Stored items from a collection

lemma sder_count_True_all_negative:
  assumes "finite S" "S \<noteq> {}" "\<forall>a\<in>S. a < 0"
  shows "sder_count S True j = 0"
  unfolding sder_count_def
proof (rule sum.neutral, rule ballI)
  fix w assume "w \<in> sderangements S"
  hence "w (Min S) \<in> S" using assms by (simp add: sderangements_def permutes_in_image)
  hence "\<not> starred S w" using assms by (auto simp: starred_def)
  thus "(if starred S w = True \<and> int (wexc S w) = j then 1 else 0) = 0" by simp
qed

lemma sder_symmetric_card_le_1:
  assumes "finite S" "0 \<notin> S" "card S \<le> 1"
  shows "sder_symmetric S"
proof (cases "card S = 0")
  case True
  hence "S = {}" using assms by simp
  moreover have "sderangements {} = {id}" by (auto simp: sderangements_def)
  ultimately show ?thesis by (simp add: sder_symmetric_def sder_count_def starred_def wexc_def)
next
  case False
  hence "card S = 1" using assms(3) by simp
  then obtain a where S: "S = {a}" by (auto simp: card_1_singleton_iff)
  show ?thesis
  proof (cases "a < 0")
    case True
    hence "sderangements {a} = {id}" by (auto simp: sderangements_def)
    thus ?thesis using S True
      by (auto simp: sder_symmetric_def sder_count_def starred_def wexc_def)
  next
    case False
    hence "sderangements {a} = {}" using S assms(2) by (auto simp: sderangements_def)
    thus ?thesis using S by (simp add: sder_symmetric_def sder_count_def)
  qed
qed

context sder_step
begin

lemma sder_count_S'_reflect:
  assumes "sder_symmetric S'"
  shows "sder_count S' True k = sder_count S' True (int (card S) - 1 - k)"
    and "sder_count S' False k = sder_count S' False (int (card S) - k)"
proof -
  have c: "int (card S') = int (card S) - 1" using card_S' two_le_card by (simp add: of_nat_diff)
  show "sder_count S' True k = sder_count S' True (int (card S) - 1 - k)"
    using assms unfolding sder_symmetric_def c by blast
  show "sder_count S' False k = sder_count S' False (int (card S) - k)"
    using assms unfolding sder_symmetric_def c by (metis diff_add_cancel)
qed

lemma sder_count_S'_remove_reflect:
  assumes "i \<in> S'" "sder_symmetric (S' - {i})"
  shows "sder_count (S' - {i}) True k = sder_count (S' - {i}) True (int (card S) - 2 - k)"
    and "sder_count (S' - {i}) False k = sder_count (S' - {i}) False (int (card S) - 1 - k)"
proof -
  have c: "int (card (S' - {i})) = int (card S) - 2"
    using assms(1) finite_S' card_S' two_le_card by (simp add: of_nat_diff)
  show "sder_count (S' - {i}) True k = sder_count (S' - {i}) True (int (card S) - 2 - k)"
    using assms(2) unfolding sder_symmetric_def c by blast
  have "int (card S) - 2 + 1 - k = int (card S) - 1 - k" by simp
  thus "sder_count (S' - {i}) False k = sder_count (S' - {i}) False (int (card S) - 1 - k)"
    using assms(2) unfolding sder_symmetric_def c by metis
qed

lemma sder_symmetric_step_max_neg:
  assumes "m < 0" "sder_symmetric S'"
  shows "sder_symmetric S"
proof -
  define n where "n = int (card S)"
  have all_neg: "\<forall>a\<in>S. a < 0" using le_max assms(1) by force
  hence "\<forall>a\<in>S'. a < 0" by (simp add: S'_def)
  hence no_pos: "{i\<in>S'. 0 < i} = {}" and "sder_count S' True k = 0" for k
    using sder_count_True_all_negative[OF finite_S' S'_ne] by auto
  hence rec: "sder_count S False k = sder_count S' False (k - 1) + sder_count S' False k
      + (k - 1) * sder_count S' False k + (n - k) * sder_count S' False (k - 1)" for k
    using sder_count_recurrence[of False k, unfolded no_pos] assms(1) card_S' two_le_card
    by (simp add: n_def of_nat_diff)
  have "sder_count S False j = sder_count S False (n + 1 - j)" for j
  proof -
    have "sder_count S' False (n + 1 - j) = sder_count S' False (j - 1)"
      and "sder_count S' False (n + 1 - j - 1) = sder_count S' False j"
      using sder_count_S'_reflect(2)[OF assms(2), of "n + 1 - j"]
        sder_count_S'_reflect(2)[OF assms(2), of "n - j"] by (simp_all add: n_def)
    thus ?thesis unfolding rec by (simp add: algebra_simps)
  qed
  thus ?thesis
    using sder_count_True_all_negative[OF finite_S S_ne all_neg] by (simp add: sder_symmetric_def n_def)
qed

lemma sder_symmetric_step_max_pos:
  assumes "0 < m" "sder_symmetric S'" "\<And>i. i \<in> S' \<Longrightarrow> sder_symmetric (S' - {i})"
  shows "sder_symmetric S"
proof -
  define n where "n = int (card S)"
  define P where "P = {i\<in>S'. 0 < i}"
  have "int (card S') = n - 1" using card_S' two_le_card by (simp add: n_def of_nat_diff)
  hence rec: "sder_count S b k = (if b then sder_count S' True k + sder_count S' False k else 0)
      + (k - 1) * sder_count S' b k + (n - k) * sder_count S' b (k - 1)
      + (\<Sum>i\<in>P. sder_count (S' - {i}) b (k - 1))" for b k
    using sder_count_recurrence[of b k] assms(1) by (simp add: P_def)
  have "sder_count S True j = sder_count S True (n - j)" for j
  proof -
    have "(\<Sum>i\<in>P. sder_count (S' - {i}) True (n - j - 1))
        = (\<Sum>i\<in>P. sder_count (S' - {i}) True (j - 1))"
      using sder_count_S'_remove_reflect(1)[of _ "n - j - 1"] assms(3)
      by (intro sum.cong) (simp_all add: P_def n_def)
    moreover have "sder_count S' True (n - j) = sder_count S' True (j - 1)"
      and "sder_count S' True (n - j - 1) = sder_count S' True j"
      and "sder_count S' False (n - j) = sder_count S' False j"
      using sder_count_S'_reflect[OF assms(2), of "n - j"] sder_count_S'_reflect[OF assms(2), of "n - j - 1"]
      by (simp_all add: n_def)
    ultimately show ?thesis unfolding rec[of True] by (simp add: algebra_simps)
  qed
  moreover have "sder_count S False j = sder_count S False (n + 1 - j)" for j
  proof -
    have "(\<Sum>i\<in>P. sder_count (S' - {i}) False (n + 1 - j - 1))
        = (\<Sum>i\<in>P. sder_count (S' - {i}) False (j - 1))"
      using sder_count_S'_remove_reflect(2)[of _ "n + 1 - j - 1"] assms(3)
      by (intro sum.cong) (simp_all add: P_def n_def)
    moreover have "sder_count S' False (n + 1 - j) = sder_count S' False (j - 1)"
      and "sder_count S' False (n + 1 - j - 1) = sder_count S' False j"
      using sder_count_S'_reflect(2)[OF assms(2), of "n + 1 - j"]
        sder_count_S'_reflect(2)[OF assms(2), of "n - j"] by (simp_all add: n_def)
    ultimately show ?thesis unfolding rec[of False] by (simp add: algebra_simps)
  qed
  ultimately show ?thesis by (simp add: sder_symmetric_def n_def)
qed

end

lemma sder_symmetricI:
  assumes "finite S" "0 \<notin> S"
  shows "sder_symmetric S"
  using assms
proof (induction "card S" arbitrary: S rule: less_induct)
  case less
  show ?case
  proof (cases "card S \<le> 1")
    case True
    thus ?thesis using sder_symmetric_card_le_1 less.prems by blast
  next
    case False
    interpret sder_step S using less.prems False by unfold_locales auto
    have "card S' < card S" using card_S' False by simp
    hence "sder_symmetric S'" using less.hyps finite_S' zero_notin by (simp add: S'_def)
    moreover have "sder_symmetric (S' - {i})" if "i \<in> S'" for i
    proof -
      have "card (S' - {i}) < card S"
        using \<open>card S' < card S\<close> finite_S' that by (meson card_Diff1_less order.strict_trans)
      thus ?thesis using less.hyps finite_S' zero_notin by (simp add: S'_def)
    qed
    moreover have "m \<noteq> 0" using max_in zero_notin by auto
    ultimately show ?thesis
      using sder_symmetric_step_max_neg sder_symmetric_step_max_pos by (meson linorder_neqE_linordered_idom)
  qed
qed

lemma sder_count_eq_card:
  assumes "finite S"
  shows "sder_count S b (int j) = int (card {w\<in>{w\<in>sderangements S. starred S w = b}. wexc S w = j})"
  unfolding sder_count_def
  using sum_indicator_eq_card[OF finite_sderangements[OF assms],
      of "\<lambda>w. starred S w = b \<and> wexc S w = j"]
  by (simp add: conj_assoc)

lemma sder_count_reflect:
  assumes "finite S" "0 \<notin> S"
  shows "sder_count S b j = sder_count S b (int (card S) + (if b then 0 else 1) - j)"
proof (cases b)
  case True
  have "sder_count S True j = sder_count S True (int (card S) - j)"
    using sder_symmetricI[OF assms] unfolding sder_symmetric_def by blast
  thus ?thesis using True by simp
next
  case False
  have "sder_count S False j = sder_count S False (int (card S) + 1 - j)"
    using sder_symmetricI[OF assms] unfolding sder_symmetric_def by blast
  thus ?thesis using False by simp
qed

section \<open>Self-reciprocal polynomials\<close>

definition self_reciprocal :: "nat \<Rightarrow> real poly \<Rightarrow> bool" where
  "self_reciprocal d p \<longleftrightarrow> (\<forall>x::real. x \<noteq> 0 \<longrightarrow> poly p x = x ^ d * poly p (1 / x))"

lemma self_reciprocal_diff:
  assumes "self_reciprocal d p" "self_reciprocal d q"
  shows "self_reciprocal d (p - q)"
  unfolding self_reciprocal_def
proof (intro allI impI)
  fix x :: real assume "x \<noteq> 0"
  hence "poly p x = x ^ d * poly p (1 / x)" "poly q x = x ^ d * poly q (1 / x)"
    using assms unfolding self_reciprocal_def by blast+
  thus "poly (p - q) x = x ^ d * poly (p - q) (1 / x)" by (simp add: right_diff_distrib)
qed

lemma self_reciprocal_sum:
  assumes "\<And>i. i \<in> I \<Longrightarrow> self_reciprocal d (f i)"
  shows "self_reciprocal d (\<Sum>i\<in>I. f i)"
  unfolding self_reciprocal_def
proof (intro allI impI)
  fix x :: real assume "x \<noteq> 0"
  hence "poly (f i) x = x ^ d * poly (f i) (1 / x)" if "i \<in> I" for i
    using assms[OF that] unfolding self_reciprocal_def by blast
  thus "poly (\<Sum>i\<in>I. f i) x = x ^ d * poly (\<Sum>i\<in>I. f i) (1 / x)"
    by (simp add: poly_sum sum_distrib_left)
qed

lemma self_reciprocal_Suc_eq_0:
  assumes "self_reciprocal n g" "self_reciprocal (Suc n) g"
  shows "g = 0"
proof (rule ccontr)
  assume "g \<noteq> 0"
  have inv: "poly g (1 / y) = 0" if "y \<noteq> 0" "y \<noteq> 1" for y
  proof -
    have "poly g y = y ^ n * poly g (1 / y)" "poly g y = y ^ Suc n * poly g (1 / y)"
      using assms that(1) unfolding self_reciprocal_def by blast+
    hence "y ^ n * (1 - y) * poly g (1 / y) = 0" by (simp add: algebra_simps)
    thus ?thesis using that by simp
  qed
  have "poly g y = 0" if "y \<noteq> 0" "y \<noteq> 1" for y using inv[of "1 / y"] that by simp
  hence "UNIV \<subseteq> {y. poly g y = 0} \<union> {0, 1}" by auto
  moreover have "finite ({y. poly g y = 0} \<union> {0, 1})" using poly_roots_finite[OF \<open>g \<noteq> 0\<close>] by simp
  ultimately show False using infinite_UNIV_char_0 finite_subset by blast
qed

lemma self_reciprocal_sum_monom:
  fixes e :: "'a \<Rightarrow> nat"
  assumes fin: "finite A" and bound: "\<And>w. w \<in> A \<Longrightarrow> e w \<le> d"
    and sym: "\<And>j. j \<le> d \<Longrightarrow> card {w\<in>A. e w = j} = card {w\<in>A. e w = d - j}"
  shows "self_reciprocal d (\<Sum>w\<in>A. monom 1 (e w))"
  unfolding self_reciprocal_def poly_sum poly_monom
proof (intro allI impI)
  fix x :: real assume x: "x \<noteq> 0"
  define c where "c j = card {w\<in>A. e w = j}" for j
  have img: "e ` A \<subseteq> {0..d}" using bound by auto
  have "x ^ d * (\<Sum>w\<in>A. 1 * (1 / x) ^ e w) = (\<Sum>w\<in>A. x ^ (d - e w))"
    unfolding sum_distrib_left using bound x by (intro sum.cong) (simp_all add: power_diff power_one_over)
  also have "\<dots> = (\<Sum>j\<in>{0..d}. real (c j) * x ^ (d - j))"
    by (simp add: sum.group[OF fin _ img, symmetric] c_def)
  also have "\<dots> = (\<Sum>j\<in>{0..d}. real (c (d + 0 - j)) * x ^ (d - (d + 0 - j)))"
    by (rule sum.atLeastAtMost_rev)
  also have "\<dots> = (\<Sum>j\<in>{0..d}. real (c j) * x ^ j)"
  proof (rule sum.cong[OF refl])
    fix j assume "j \<in> {0..d}"
    thus "real (c (d + 0 - j)) * x ^ (d - (d + 0 - j)) = real (c j) * x ^ j"
      using sym[of j] by (simp add: c_def)
  qed
  also have "\<dots> = (\<Sum>w\<in>A. 1 * x ^ e w)"
    by (simp add: sum.group[OF fin _ img, symmetric] c_def)
  finally show "(\<Sum>w\<in>A. 1 * x ^ e w) = x ^ d * (\<Sum>w\<in>A. 1 * (1 / x) ^ e w)" by simp
qed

Exercise objective
Which of the lines above hold the word "cong"? Copy each one.

Task solution
      by (intro sum.cong) (simp_all add: P_def n_def)
      by (intro sum.cong) (simp_all add: P_def n_def)
    unfolding sum_distrib_left using bound x by (intro sum.cong) (simp_all add: power_diff power_one_over)
  proof (rule sum.cong[OF refl])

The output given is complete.